Dataset entries
**********

lemma finitely_satisfiable_extends_to_ultrafilter:
  assumes \<Psi>: "finitely_satisfiable Sig ar \<Psi>"
  obtains U where "is_ultrafilter Sig ar U" "\<Psi> \<subseteq> U"
proof -
  define \<A> where "\<A> = {S. finitely_satisfiable Sig ar S \<and> \<Psi> \<subseteq> S}"
  have chain_bounded: "\<exists>U\<in>\<A>. \<forall>X\<in>C. X \<subseteq> U" if C: "subset.chain \<A> C" for C
  proof (cases "C = {}")
    case True
    then show ?thesis using \<Psi> unfolding \<A>_def by auto
  next
    case False
    then obtain S0 where "S0 \<in> C" by blast
    have C_\<A>: "C \<subseteq> \<A>" using C by (simp add: subset_chain_def)
    with \<open>S0 \<in> C\<close> have "\<Psi> \<subseteq> \<Union>C" unfolding \<A>_def by blast
    moreover have "subset.chain {S. finitely_satisfiable Sig ar S} C"
      using C C_\<A> unfolding subset_chain_def \<A>_def by blast
    then have "finitely_satisfiable Sig ar (\<Union>C)"
      by (rule finitely_satisfiable_Union_chain[OF False])
    ultimately have "\<Union>C \<in> \<A>" unfolding \<A>_def by blast
    then show ?thesis by blast
  qed
  obtain S where S: "S \<in> \<A>" and maximal: "\<And>X. X \<in> \<A> \<Longrightarrow> S \<subseteq> X \<Longrightarrow> X = S"
    using subset_Zorn[OF chain_bounded] by blast
  have "is_ultrafilter Sig ar S"
  proof (rule maximal_finitely_satisfiable_ultrafilter)
    show "finitely_satisfiable Sig ar S" using S unfolding \<A>_def by simp
    show "X = S" if "finitely_satisfiable Sig ar X" "S \<subseteq> X" for X
      using that S by (intro maximal) (auto simp: \<A>_def)
  qed
  moreover have "\<Psi> \<subseteq> S" using S unfolding \<A>_def by simp
  ultimately show thesis by (rule that)
qed

section \<open>The Stone topology\<close>

lemma K_subset_stone_space: "K Sig ar \<phi> \<subseteq> stone_space Sig ar"
  unfolding K_def by blast

lemma K_Neg:
  assumes "wf_fo Sig ar \<phi>"
  shows "K Sig ar (Neg \<phi>) = stone_space Sig ar - K Sig ar \<phi>"
proof -
  have "Neg \<phi> \<in> U \<longleftrightarrow> \<phi> \<notin> U" if "U \<in> stone_space Sig ar" for U
  proof -
    have U: "is_ultrafilter Sig ar U" using that by (simp add: stone_space_def)
    then have "\<phi> \<in> U \<or> Neg \<phi> \<in> U" using assms unfolding is_ultrafilter_def by simp
    with ultrafilter_not_Neg[OF U] show ?thesis by blast
  qed
  then show ?thesis unfolding K_def by blast
qed

lemma K_Conj:
  assumes "wf_fo Sig ar \<phi>" "wf_fo Sig ar \<psi>"
  shows "K Sig ar (Conj \<phi> \<psi>) = K Sig ar \<phi> \<inter> K Sig ar \<psi>"
proof -
  have "Conj \<phi> \<psi> \<in> U \<longleftrightarrow> \<phi> \<in> U \<and> \<psi> \<in> U" if "U \<in> stone_space Sig ar" for U
  proof -
    have U: "is_ultrafilter Sig ar U" using that by (simp add: stone_space_def)
    have "entails Sig ar (Conj \<phi> \<psi>) \<phi>" "entails Sig ar (Conj \<phi> \<psi>) \<psi>"
      unfolding entails_def by auto
    then show ?thesis using U assms unfolding is_ultrafilter_def by blast
  qed
  then show ?thesis unfolding K_def by blast
qed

**********

Across the records above, count the lines holding "thesis" and reply with that number alone.

▸ **Answer area**
7